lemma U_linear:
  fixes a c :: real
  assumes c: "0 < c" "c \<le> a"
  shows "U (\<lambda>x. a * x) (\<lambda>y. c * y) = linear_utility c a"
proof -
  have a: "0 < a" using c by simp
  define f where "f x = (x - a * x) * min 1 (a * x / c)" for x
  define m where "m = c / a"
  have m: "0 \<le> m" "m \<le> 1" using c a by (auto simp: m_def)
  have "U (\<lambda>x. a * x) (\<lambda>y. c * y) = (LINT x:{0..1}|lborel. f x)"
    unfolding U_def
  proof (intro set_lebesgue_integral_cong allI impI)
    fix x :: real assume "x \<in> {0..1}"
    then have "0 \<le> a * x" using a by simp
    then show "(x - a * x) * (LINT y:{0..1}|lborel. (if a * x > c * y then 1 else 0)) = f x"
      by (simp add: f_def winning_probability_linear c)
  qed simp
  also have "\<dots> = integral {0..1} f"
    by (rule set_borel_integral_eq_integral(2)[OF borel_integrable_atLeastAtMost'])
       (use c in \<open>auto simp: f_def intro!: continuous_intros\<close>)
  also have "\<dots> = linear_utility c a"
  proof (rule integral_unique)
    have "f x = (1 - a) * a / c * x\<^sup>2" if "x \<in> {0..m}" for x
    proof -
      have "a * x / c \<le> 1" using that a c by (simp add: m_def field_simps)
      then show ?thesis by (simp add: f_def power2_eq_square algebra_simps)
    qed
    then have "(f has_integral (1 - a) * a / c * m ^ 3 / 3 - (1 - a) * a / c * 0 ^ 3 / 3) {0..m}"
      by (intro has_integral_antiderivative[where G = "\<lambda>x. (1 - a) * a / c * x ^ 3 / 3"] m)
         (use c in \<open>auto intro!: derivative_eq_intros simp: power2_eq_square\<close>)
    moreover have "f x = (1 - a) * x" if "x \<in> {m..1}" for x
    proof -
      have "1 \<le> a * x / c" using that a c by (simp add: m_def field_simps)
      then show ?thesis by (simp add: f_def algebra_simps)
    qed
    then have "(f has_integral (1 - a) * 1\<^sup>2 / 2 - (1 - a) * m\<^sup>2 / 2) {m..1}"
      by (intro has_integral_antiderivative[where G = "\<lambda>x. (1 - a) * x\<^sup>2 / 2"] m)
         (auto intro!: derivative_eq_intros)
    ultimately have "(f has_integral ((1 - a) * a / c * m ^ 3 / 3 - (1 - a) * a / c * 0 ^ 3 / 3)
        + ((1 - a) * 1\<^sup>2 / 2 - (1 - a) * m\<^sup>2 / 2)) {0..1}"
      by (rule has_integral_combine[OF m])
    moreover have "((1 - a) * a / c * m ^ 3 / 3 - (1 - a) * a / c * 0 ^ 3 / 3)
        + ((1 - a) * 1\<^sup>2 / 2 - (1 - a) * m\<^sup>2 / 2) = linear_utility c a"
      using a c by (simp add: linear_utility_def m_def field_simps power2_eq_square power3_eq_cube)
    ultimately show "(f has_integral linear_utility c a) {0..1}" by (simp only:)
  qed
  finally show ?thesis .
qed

━━━

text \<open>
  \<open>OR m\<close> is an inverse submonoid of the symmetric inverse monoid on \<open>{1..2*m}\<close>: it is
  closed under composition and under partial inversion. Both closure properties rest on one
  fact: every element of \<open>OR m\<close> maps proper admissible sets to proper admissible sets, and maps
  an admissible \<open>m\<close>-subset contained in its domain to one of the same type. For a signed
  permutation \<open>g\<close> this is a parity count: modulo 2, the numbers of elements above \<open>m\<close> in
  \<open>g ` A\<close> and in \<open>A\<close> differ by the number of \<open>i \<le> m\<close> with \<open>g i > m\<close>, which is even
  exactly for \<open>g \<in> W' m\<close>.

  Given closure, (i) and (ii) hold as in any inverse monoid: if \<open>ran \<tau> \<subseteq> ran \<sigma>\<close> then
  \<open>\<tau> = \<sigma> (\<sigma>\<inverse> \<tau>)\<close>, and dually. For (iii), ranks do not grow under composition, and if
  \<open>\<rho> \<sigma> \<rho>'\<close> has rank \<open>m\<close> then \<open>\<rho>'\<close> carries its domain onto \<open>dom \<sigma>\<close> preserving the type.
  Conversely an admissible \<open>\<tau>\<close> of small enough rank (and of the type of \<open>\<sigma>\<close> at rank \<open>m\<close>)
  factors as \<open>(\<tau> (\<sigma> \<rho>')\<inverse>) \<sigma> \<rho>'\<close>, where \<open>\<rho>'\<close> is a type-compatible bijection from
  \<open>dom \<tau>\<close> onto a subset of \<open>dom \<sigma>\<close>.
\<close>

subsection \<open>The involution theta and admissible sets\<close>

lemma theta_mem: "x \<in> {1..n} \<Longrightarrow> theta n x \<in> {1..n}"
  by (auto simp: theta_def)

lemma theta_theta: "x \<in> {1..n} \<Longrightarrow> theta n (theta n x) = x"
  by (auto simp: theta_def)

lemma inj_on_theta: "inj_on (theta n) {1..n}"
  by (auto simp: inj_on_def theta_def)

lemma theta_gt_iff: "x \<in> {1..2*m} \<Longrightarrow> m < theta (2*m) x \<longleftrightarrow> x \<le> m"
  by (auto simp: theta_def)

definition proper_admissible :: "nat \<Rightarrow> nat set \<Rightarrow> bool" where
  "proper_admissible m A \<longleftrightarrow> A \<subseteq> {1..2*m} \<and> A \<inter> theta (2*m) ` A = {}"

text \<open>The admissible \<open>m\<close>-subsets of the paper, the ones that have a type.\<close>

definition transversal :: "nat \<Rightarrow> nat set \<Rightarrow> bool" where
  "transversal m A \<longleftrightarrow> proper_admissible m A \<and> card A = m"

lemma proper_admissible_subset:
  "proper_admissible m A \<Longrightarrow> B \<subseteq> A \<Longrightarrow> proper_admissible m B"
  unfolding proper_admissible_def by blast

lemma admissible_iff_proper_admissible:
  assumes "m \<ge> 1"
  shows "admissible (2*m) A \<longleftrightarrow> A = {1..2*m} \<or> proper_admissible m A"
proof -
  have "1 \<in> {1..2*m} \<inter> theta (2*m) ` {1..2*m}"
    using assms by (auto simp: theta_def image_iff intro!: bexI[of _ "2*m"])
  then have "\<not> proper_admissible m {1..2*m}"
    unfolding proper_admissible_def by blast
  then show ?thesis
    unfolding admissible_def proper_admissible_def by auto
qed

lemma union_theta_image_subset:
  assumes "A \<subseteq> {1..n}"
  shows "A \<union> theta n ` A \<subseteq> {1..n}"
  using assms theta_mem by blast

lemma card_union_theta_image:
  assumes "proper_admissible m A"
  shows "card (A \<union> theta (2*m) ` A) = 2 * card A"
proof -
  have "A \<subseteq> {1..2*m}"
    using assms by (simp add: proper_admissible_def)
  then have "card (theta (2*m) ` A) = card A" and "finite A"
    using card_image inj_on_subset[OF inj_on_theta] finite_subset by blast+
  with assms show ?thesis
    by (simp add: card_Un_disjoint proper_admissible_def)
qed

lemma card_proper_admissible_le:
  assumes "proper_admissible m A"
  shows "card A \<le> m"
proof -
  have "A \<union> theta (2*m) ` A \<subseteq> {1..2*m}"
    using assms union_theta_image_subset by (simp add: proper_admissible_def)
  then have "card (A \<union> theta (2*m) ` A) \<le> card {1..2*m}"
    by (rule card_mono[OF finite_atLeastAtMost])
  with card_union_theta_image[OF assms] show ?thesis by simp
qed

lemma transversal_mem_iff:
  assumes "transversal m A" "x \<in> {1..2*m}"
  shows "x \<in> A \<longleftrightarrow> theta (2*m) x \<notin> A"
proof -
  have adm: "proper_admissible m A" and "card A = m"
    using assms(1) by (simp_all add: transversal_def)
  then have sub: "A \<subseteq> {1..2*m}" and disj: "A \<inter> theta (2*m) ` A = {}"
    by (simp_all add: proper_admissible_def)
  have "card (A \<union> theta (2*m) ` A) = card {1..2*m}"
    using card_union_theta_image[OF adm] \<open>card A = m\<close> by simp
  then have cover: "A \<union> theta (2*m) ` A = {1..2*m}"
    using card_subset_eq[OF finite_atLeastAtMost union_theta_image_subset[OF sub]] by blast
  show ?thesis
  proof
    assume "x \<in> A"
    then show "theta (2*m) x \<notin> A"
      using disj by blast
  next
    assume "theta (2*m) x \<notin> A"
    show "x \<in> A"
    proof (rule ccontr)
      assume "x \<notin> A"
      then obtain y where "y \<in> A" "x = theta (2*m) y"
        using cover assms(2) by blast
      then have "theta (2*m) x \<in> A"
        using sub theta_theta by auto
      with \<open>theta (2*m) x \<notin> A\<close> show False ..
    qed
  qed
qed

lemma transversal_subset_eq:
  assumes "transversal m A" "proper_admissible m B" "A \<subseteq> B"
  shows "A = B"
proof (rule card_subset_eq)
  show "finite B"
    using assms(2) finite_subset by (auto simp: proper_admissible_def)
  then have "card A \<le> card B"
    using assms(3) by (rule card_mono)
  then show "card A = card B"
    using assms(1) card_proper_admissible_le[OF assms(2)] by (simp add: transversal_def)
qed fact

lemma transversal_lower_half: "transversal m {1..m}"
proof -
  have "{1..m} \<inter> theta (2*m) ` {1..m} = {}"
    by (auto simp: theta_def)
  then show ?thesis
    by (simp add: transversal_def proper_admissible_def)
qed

━━━

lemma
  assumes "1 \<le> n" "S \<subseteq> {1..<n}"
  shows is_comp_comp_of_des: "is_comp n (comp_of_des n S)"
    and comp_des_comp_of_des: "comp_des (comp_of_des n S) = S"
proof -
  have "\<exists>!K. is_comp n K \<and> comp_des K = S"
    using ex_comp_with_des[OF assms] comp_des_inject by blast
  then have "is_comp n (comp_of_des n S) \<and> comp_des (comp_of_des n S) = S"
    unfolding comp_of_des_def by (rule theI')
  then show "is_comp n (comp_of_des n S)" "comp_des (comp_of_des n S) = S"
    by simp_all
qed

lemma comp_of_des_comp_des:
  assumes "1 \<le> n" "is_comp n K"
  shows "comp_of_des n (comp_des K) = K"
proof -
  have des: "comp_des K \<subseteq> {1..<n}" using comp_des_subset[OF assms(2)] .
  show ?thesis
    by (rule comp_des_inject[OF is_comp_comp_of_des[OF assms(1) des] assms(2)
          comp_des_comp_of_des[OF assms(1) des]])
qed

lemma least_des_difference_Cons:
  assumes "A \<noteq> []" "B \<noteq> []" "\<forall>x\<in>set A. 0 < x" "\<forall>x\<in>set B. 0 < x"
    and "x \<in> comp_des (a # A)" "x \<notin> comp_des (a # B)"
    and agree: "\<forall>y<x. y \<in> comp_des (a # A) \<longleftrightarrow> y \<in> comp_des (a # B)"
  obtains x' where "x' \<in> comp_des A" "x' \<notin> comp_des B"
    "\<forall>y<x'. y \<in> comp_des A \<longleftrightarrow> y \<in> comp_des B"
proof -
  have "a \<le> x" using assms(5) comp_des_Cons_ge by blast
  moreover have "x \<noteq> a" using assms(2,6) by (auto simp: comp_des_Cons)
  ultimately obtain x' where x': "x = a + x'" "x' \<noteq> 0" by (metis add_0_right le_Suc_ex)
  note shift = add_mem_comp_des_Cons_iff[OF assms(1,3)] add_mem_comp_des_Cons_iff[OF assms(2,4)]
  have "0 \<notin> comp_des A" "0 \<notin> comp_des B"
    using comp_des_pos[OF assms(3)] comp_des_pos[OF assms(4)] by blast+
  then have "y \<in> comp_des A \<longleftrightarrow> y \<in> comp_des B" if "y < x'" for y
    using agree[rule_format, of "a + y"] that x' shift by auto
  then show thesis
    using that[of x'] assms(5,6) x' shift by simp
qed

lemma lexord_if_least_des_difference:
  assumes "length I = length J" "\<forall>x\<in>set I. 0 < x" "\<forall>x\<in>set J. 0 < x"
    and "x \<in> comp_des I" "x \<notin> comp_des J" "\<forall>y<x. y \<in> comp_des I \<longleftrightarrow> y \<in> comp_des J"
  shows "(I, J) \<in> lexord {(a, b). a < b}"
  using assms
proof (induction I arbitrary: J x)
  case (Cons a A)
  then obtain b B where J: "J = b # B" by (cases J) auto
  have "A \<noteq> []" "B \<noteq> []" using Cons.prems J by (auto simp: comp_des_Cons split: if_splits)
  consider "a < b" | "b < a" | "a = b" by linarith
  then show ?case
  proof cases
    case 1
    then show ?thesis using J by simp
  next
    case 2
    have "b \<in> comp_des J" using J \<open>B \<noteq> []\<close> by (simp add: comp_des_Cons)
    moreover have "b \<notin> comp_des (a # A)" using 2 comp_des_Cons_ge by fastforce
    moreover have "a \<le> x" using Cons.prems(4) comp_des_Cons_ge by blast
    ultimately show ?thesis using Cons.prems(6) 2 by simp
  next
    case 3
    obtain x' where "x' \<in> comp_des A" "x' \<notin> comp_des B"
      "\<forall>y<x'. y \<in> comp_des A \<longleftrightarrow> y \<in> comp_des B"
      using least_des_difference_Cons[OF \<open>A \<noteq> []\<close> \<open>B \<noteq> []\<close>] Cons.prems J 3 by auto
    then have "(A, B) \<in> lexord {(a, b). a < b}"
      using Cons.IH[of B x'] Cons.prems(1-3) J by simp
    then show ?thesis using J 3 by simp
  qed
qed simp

━━━

Gather every line from the entries above where the word "define" appears, and copy them.

  define f where "f x = (x - a * x) * min 1 (a * x / c)" for x
  define m where "m = c / a"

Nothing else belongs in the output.